Ein kalter Ort zum Sterben von Ian Rankin

Buchvorstellung und Rezension

Bibliographische Angaben

Originalausgabe erschienen 2016 unter dem Titel Rather be the devil, deutsche Ausgabe erstmals 2017 bei Goldmann.
Ort & Zeit der Handlung: , 2010 - heute.
Folge 21 der John-Rebus-Serie.

  • London: Orion, 2016 unter dem Titel Rather be the devil. 320 Seiten.
  • München: Goldmann, 2017. Übersetzt von Conny Lösch. ISBN: 978-3-442-31461-4. 474 Seiten.
  • [Hörbuch] Köln: headroom sound production, 2017. Gesprochen von Thomas Balou Martin. ISBN: 3942175851. 2 CDs.

'Ein kalter Ort zum Sterben' ist erschienen als Hardcover HörbuchE-Book

In Kürze:

Bei einem romantischen Dinner im Caledonian Hotel erinnert sich Rebus an einen Mord, der fast vierzig Jahre zuvor dort stattgefunden hat: Eine junge lebenslustige Bankiersgattin wollte in dem Luxushotel einen Liebhaber empfangen am nächsten Morgen wurde sie tot aufgefunden. Die Verdächtigen kamen aus den besten Kreisen, der Täter wurde nie gefasst. Ein Skandal, der Rebus nicht loslässt. Während er sich in den alten Akten vergräbt, gerät das kriminelle Machtgefüge in Edinburgh gefährlich ins Wanken: Darryl Christie, einer der Hauptakteure, wird überfallen und halb totgeschlagen; eine Ermittlung wegen Geldwäsche bringt ihn zusätzlich in Bedrängnis. Es sieht so aus, als würde Ex-Gangsterboss Big Ger Cafferty im Hintergrund die Fäden ziehen. Eine Entwicklung, die Rebus gar nicht recht sein kann. Zumal die erste Leiche im tödlichen Revierkampf von Schottlands Unterwelt nicht lange auf sich warten lässt …

Das meint Krimi-Couch.de: Big Ger Cafferty will es noch mal wissen 85°Treffer

Krimi-Rezension von Jörg Kijanski

John Rebus weilt im Ruhestand, nur dass ihn dieser langweilt.

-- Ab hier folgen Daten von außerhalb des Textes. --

(* Let $N=((V\cup\{s\},A),\tau)$ be an acyclic pre-flow temporal network and $k\in\mathbb{N}$. Then $\min\{k,\lambda_N(s,v)\}=\min\{k,d^-_A(v)\}$ for every $v\in V$, and there exist $k$ pairwise arc-disjoint $\tau$-respecting $s$-arborescences such that each $v\in V$ belongs to exactly $\min\{k,\lambda_N(s,v)\}$ of them.
   Context: A temporal network is a pair $N=(D,\tau)$ where $D=(V\cup\{s\},A)$ is a directed graph (parallel arcs allowed) with a root $s$ that no arc enters, and $\tau:A\to\mathbb{N}$; it is acyclic if $D$ has no directed cycle. For $i\in\mathbb{N}$, $\rho_N^i(v)=\{a \text{ entering } v:\tau(a)\le i\}$, $\delta_N^i(v)=\{a\text{ leaving } v:\tau(a)\le i\}$. $N$ is pre-flow if $|\rho_N^i(v)|\ge|\delta_N^i(v)|$ for all $i\in\mathbb{N}$ and all $v\in V$. $d^-_A(v)$ is the number of arcs entering $v$. A directed path with arcs $a_1,\dots,a_\ell$ in order is $\tau$-respecting if $\tau(a_1)\le\dots\le\tau(a_\ell)$; $\lambda_N(s,v)$ is the maximum number of pairwise arc-disjoint $\tau$-respecting $(s,v)$-paths. An $s$-arborescence is an acyclic subgraph $F=(V'\cup\{s\},A')$, $V'\subseteq V$, in which each vertex of $V'$ has in-degree exactly $1$; it is $\tau$-respecting if every path in it from $s$ is $\tau$-respecting. *)

theory Defs
  imports Main
begin

(* Arcs have an abstract type 'e (so parallel arcs are allowed); src/trg give
   tail and head of an arc; vertices have type 'v. *)

definition is_walk :: "('e \<Rightarrow> 'v) \<Rightarrow> ('e \<Rightarrow> 'v) \<Rightarrow> 'e list \<Rightarrow> bool" where
  "is_walk src trg p \<longleftrightarrow> (\<forall>i. Suc i < length p \<longrightarrow> trg (p ! i) = src (p ! Suc i))"

definition is_path :: "('e \<Rightarrow> 'v) \<Rightarrow> ('e \<Rightarrow> 'v) \<Rightarrow> 'e set \<Rightarrow> 'v \<Rightarrow> 'v \<Rightarrow> 'e list \<Rightarrow> bool" where
  "is_path src trg B u w p \<longleftrightarrow>
     p \<noteq> [] \<and> set p \<subseteq> B \<and> is_walk src trg p \<and>
     src (hd p) = u \<and> trg (last p) = w \<and>
     distinct (map src p @ [trg (last p)])"

definition tau_respecting :: "('e \<Rightarrow> nat) \<Rightarrow> 'e list \<Rightarrow> bool" where
  "tau_respecting \<tau> p \<longleftrightarrow> sorted (map \<tau> p)"

definition acyclic_arcs :: "('e \<Rightarrow> 'v) \<Rightarrow> ('e \<Rightarrow> 'v) \<Rightarrow> 'e set \<Rightarrow> bool" where
  "acyclic_arcs src trg B \<longleftrightarrow>
     \<not> (\<exists>p. p \<noteq> [] \<and> set p \<subseteq> B \<and> is_walk src trg p \<and> src (hd p) = trg (last p))"

(* N = ((V \<union> {s}, A), \<tau>) is a (finite) temporal network with root s that no arc enters *)
definition temporal_network :: "'v set \<Rightarrow> 'v \<Rightarrow> 'e set \<Rightarrow> ('e \<Rightarrow> 'v) \<Rightarrow> ('e \<Rightarrow> 'v) \<Rightarrow> bool" where
  "temporal_network V s A src trg \<longleftrightarrow>
     finite V \<and> finite A \<and> s \<notin> V \<and>
     (\<forall>a\<in>A. src a \<in> V \<union> {s} \<and> trg a \<in> V)"

definition rho :: "'e set \<Rightarrow> ('e \<Rightarrow> 'v) \<Rightarrow> ('e \<Rightarrow> nat) \<Rightarrow> nat \<Rightarrow> 'v \<Rightarrow> 'e set" where
  "rho A trg \<tau> i v = {a\<in>A. trg a = v \<and> \<tau> a \<le> i}"

definition delta :: "'e set \<Rightarrow> ('e \<Rightarrow> 'v) \<Rightarrow> ('e \<Rightarrow> nat) \<Rightarrow> nat \<Rightarrow> 'v \<Rightarrow> 'e set" where
  "delta A src \<tau> i v = {a\<in>A. src a = v \<and> \<tau> a \<le> i}"

definition pre_flow :: "'v set \<Rightarrow> 'e set \<Rightarrow> ('e \<Rightarrow> 'v) \<Rightarrow> ('e \<Rightarrow> 'v) \<Rightarrow> ('e \<Rightarrow> nat) \<Rightarrow> bool" where
  "pre_flow V A src trg \<tau> \<longleftrightarrow>
     (\<forall>i. \<forall>v\<in>V. card (rho A trg \<tau> i v) \<ge> card (delta A src \<tau> i v))"

definition in_degree :: "'e set \<Rightarrow> ('e \<Rightarrow> 'v) \<Rightarrow> 'v \<Rightarrow> nat" where
  "in_degree A trg v = card {a\<in>A. trg a = v}"

definition lambda_N :: "'e set \<Rightarrow> ('e \<Rightarrow> 'v) \<Rightarrow> ('e \<Rightarrow> 'v) \<Rightarrow> ('e \<Rightarrow> nat) \<Rightarrow> 'v \<Rightarrow> 'v \<Rightarrow> nat" where
  "lambda_N A src trg \<tau> s v = Max {k. \<exists>P :: nat \<Rightarrow> 'e list.
       (\<forall>i<k. is_path src trg A s v (P i) \<and> tau_respecting \<tau> (P i)) \<and>
       (\<forall>i<k. \<forall>j<k. i \<noteq> j \<longrightarrow> set (P i) \<inter> set (P j) = {})}"

definition s_arborescence ::
  "'v set \<Rightarrow> 'v \<Rightarrow> 'e set \<Rightarrow> ('e \<Rightarrow> 'v) \<Rightarrow> ('e \<Rightarrow> 'v) \<Rightarrow> 'v set \<Rightarrow> 'e set \<Rightarrow> bool" where
  "s_arborescence V s A src trg V' A' \<longleftrightarrow>
     V' \<subseteq> V \<and> A' \<subseteq> A \<and>
     (\<forall>a\<in>A'. src a \<in> V' \<union> {s} \<and> trg a \<in> V' \<union> {s}) \<and>
     acyclic_arcs src trg A' \<and>
     (\<forall>v\<in>V'. card {a\<in>A'. trg a = v} = 1)"

definition tau_respecting_arb ::
  "'v \<Rightarrow> ('e \<Rightarrow> 'v) \<Rightarrow> ('e \<Rightarrow> 'v) \<Rightarrow> ('e \<Rightarrow> nat) \<Rightarrow> 'v set \<Rightarrow> 'e set \<Rightarrow> bool" where
  "tau_respecting_arb s src trg \<tau> V' A' \<longleftrightarrow>
     (\<forall>w p. is_path src trg A' s w p \<longrightarrow> tau_respecting \<tau> p)"

end

theory Submission
  imports Defs
begin

text \<open>Induction on the number of vertices. By acyclicity some vertex \<open>v\<close> is entered only by
  arcs from \<open>s\<close>. Merging \<open>v\<close> into \<open>s\<close> keeps the network acyclic and pre-flow, so the smaller
  network has \<open>k\<close> arc-disjoint branchings containing every vertex \<open>w\<close> exactly
  \<open>min k (d\<^sup>-(w))\<close> times. The pre-flow inequalities at \<open>v\<close> are Hall's condition for matching
  every arc leaving \<open>v\<close> to a distinct arc entering \<open>v\<close> that is not later. A branching using arcs
  leaving \<open>v\<close> gets \<open>v\<close> back through the partner of its earliest such arc, and the remaining
  entering arcs add \<open>v\<close> to further branchings until it lies in \<open>min k (d\<^sup>-(v))\<close> of them.
  Time stamps never decrease along consecutive arcs of a branching, so all its paths are
  \<open>\<tau>\<close>-respecting. The branchings containing \<open>v\<close> thus yield \<open>min k (d\<^sup>-(v))\<close> arc-disjoint
  \<open>\<tau>\<close>-respecting paths to \<open>v\<close>, while arc-disjoint paths to \<open>v\<close> end in distinct entering arcs.\<close>

section \<open>Matching arcs by time thresholds\<close>

lemma threshold_condition_greedy_step:
  fixes f :: "'a \<Rightarrow> nat" and g :: "'b \<Rightarrow> nat"
  assumes "finite S" and "finite Y" and "x \<notin> S" and x_max: "\<forall>x'\<in>S. f x' \<le> f x"
    and count: "\<And>i. card {x'\<in>insert x S. f x' \<le> i} \<le> card {y\<in>Y. g y \<le> i}"
    and y0: "y0 \<in> Y" "g y0 \<le> f x" and y0_max: "\<And>y. y \<in> Y \<Longrightarrow> g y \<le> f x \<Longrightarrow> g y \<le> g y0"
  shows "card {x'\<in>S. f x' \<le> i} \<le> card {y\<in>Y - {y0}. g y \<le> i}"
proof (cases "i < g y0")
  case True
  then have "{y\<in>Y - {y0}. g y \<le> i} = {y\<in>Y. g y \<le> i}" by auto
  moreover have "card {x'\<in>S. f x' \<le> i} \<le> card {x'\<in>insert x S. f x' \<le> i}"
    using \<open>finite S\<close> by (intro card_mono) auto
  ultimately show ?thesis using count[of i] by simp
next
  case False
  then have "y0 \<in> {y\<in>Y. g y \<le> i}" using y0 by simp
  moreover have "{y\<in>Y - {y0}. g y \<le> i} = {y\<in>Y. g y \<le> i} - {y0}" by auto
  ultimately have drop_y0: "card {y\<in>Y - {y0}. g y \<le> i} = card {y\<in>Y. g y \<le> i} - 1"
    using \<open>finite Y\<close> by (simp add: card_Diff_singleton)
  show ?thesis
  proof (cases "f x \<le> i")
    case True
    then have "{x'\<in>insert x S. f x' \<le> i} = insert x {x'\<in>S. f x' \<le> i}" by auto
    then have "card {x'\<in>insert x S. f x' \<le> i} = Suc (card {x'\<in>S. f x' \<le> i})"
      using \<open>x \<notin> S\<close> \<open>finite S\<close> by simp
    then show ?thesis using drop_y0 count[of i] by simp
  next
    case False
    have "{x'\<in>insert x S. f x' \<le> f x} = insert x S" using x_max by auto
    then have "Suc (card S) \<le> card {y\<in>Y. g y \<le> f x}"
      using count[of "f x"] \<open>x \<notin> S\<close> \<open>finite S\<close> by simp
    moreover have "{y\<in>Y. g y \<le> f x} \<subseteq> {y\<in>Y. g y \<le> i}" using y0_max \<open>\<not> i < g y0\<close> by fastforce
    then have "card {y\<in>Y. g y \<le> f x} \<le> card {y\<in>Y. g y \<le> i}" using \<open>finite Y\<close> by (intro card_mono) auto
    moreover have "card {x'\<in>S. f x' \<le> i} \<le> card S" using \<open>finite S\<close> by (intro card_mono) auto
    ultimately show ?thesis using drop_y0 by simp
  qed
qed

lemma threshold_matching:
  fixes f :: "'a \<Rightarrow> nat" and g :: "'b \<Rightarrow> nat"
  assumes "finite X" and "finite Y"
    and "\<And>i. card {x\<in>X. f x \<le> i} \<le> card {y\<in>Y. g y \<le> i}"
  shows "\<exists>\<mu>. inj_on \<mu> X \<and> \<mu> ` X \<subseteq> Y \<and> (\<forall>x\<in>X. g (\<mu> x) \<le> f x)"
  using assms
proof (induction X arbitrary: Y rule: finite_ranking_induct[where f = f])
  case empty
  then show ?case by simp
next
  case (insert x S)
  show ?case
  proof (cases "x \<in> S")
    case True
    with insert show ?thesis by (simp add: insert_absorb)
  next
    case False
    note finY = insert.prems(1) and count = insert.prems(2)
    have x_max: "\<forall>x'\<in>S. f x' \<le> f x" using insert.hyps(2) by blast
    then have "{x'\<in>insert x S. f x' \<le> f x} = insert x S" by auto
    then have "card (insert x S) \<le> card {y\<in>Y. g y \<le> f x}" using count[of "f x"] by simp
    then have "{y\<in>Y. g y \<le> f x} \<noteq> {}" using insert.hyps(1) False
      by (metis card.empty card_insert_disjoint le_zero_eq nat.distinct(1))
    txt \<open>Greedy choice: match the element of largest rank to the largest admissible partner.\<close>
    then have "Max (g ` {y\<in>Y. g y \<le> f x}) \<in> g ` {y\<in>Y. g y \<le> f x}"
      using finY by (intro Max_in) auto
    then obtain y0 where y0: "y0 \<in> Y" "g y0 \<le> f x" "g y0 = Max (g ` {y\<in>Y. g y \<le> f x})"
      by auto
    have y0_max: "g y \<le> g y0" if "y \<in> Y" "g y \<le> f x" for y
      unfolding y0(3) using that finY by (intro Max_ge) auto
    have "finite (Y - {y0})" using finY by simp
    then obtain \<mu> where \<mu>: "inj_on \<mu> S" "\<mu> ` S \<subseteq> Y - {y0}" "\<forall>x\<in>S. g (\<mu> x) \<le> f x"
      using insert.IH
        threshold_condition_greedy_step[OF insert.hyps(1) finY False x_max count y0(1,2) y0_max]
      by blast
    have "inj_on (\<mu>(x := y0)) (insert x S)" using \<mu>(1,2) False by (auto simp: inj_on_def)
    moreover have "(\<mu>(x := y0)) ` insert x S \<subseteq> Y" using \<mu>(2) y0(1) False by auto
    moreover have "\<forall>x'\<in>insert x S. g ((\<mu>(x := y0)) x') \<le> f x'" using \<mu>(3) y0(2) False by auto
    ultimately show ?thesis by blast
  qed
qed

So widmet er sich einem alten Fall. Im Oktober 1978 wurde im Caledonian Hotel die äußerst lebenslustige Bankiersgattin Maria Thurquand ermordet. Mehrere Liebhaber soll sie dort im Laufe der Zeit empfangen haben, die Liste der Verdächtigen ist lang und fängt bei ihrem gehörnten Ehemann an. Doch dieser hatte ein Alibi, andere Verdächtige ebenfalls, die Ermittlungen wurden eingestellt. Rebus studiert die alten Unterlagen und nimmt zu Robert Chatham Kontakt auf, einem pensionierten CID-Ermittler, der vor Jahren nochmals im Fall Thurand ermittelte.

»Und richte James was von mir aus.«
»Was?«
»Dass ich mehr Arschlöcher gesehen habe als ein Proktologe, und er ist ein ganz ausgezeichnetes.«

Siobhan Clarke hat derweil ein anderes Problem zu lösen, denn Daryl Christie, die vermeintliche Nummer eins der Edinburgher Unterwelt, wurde vor seiner Haustür zusammengeschlagen. Selbstredend hat niemand etwas gesehen oder gehört. Dann meldet sich plötzlich der vermeintliche Täter, doch dieser ist der Polizei bekannt; für seine Falschaussagen.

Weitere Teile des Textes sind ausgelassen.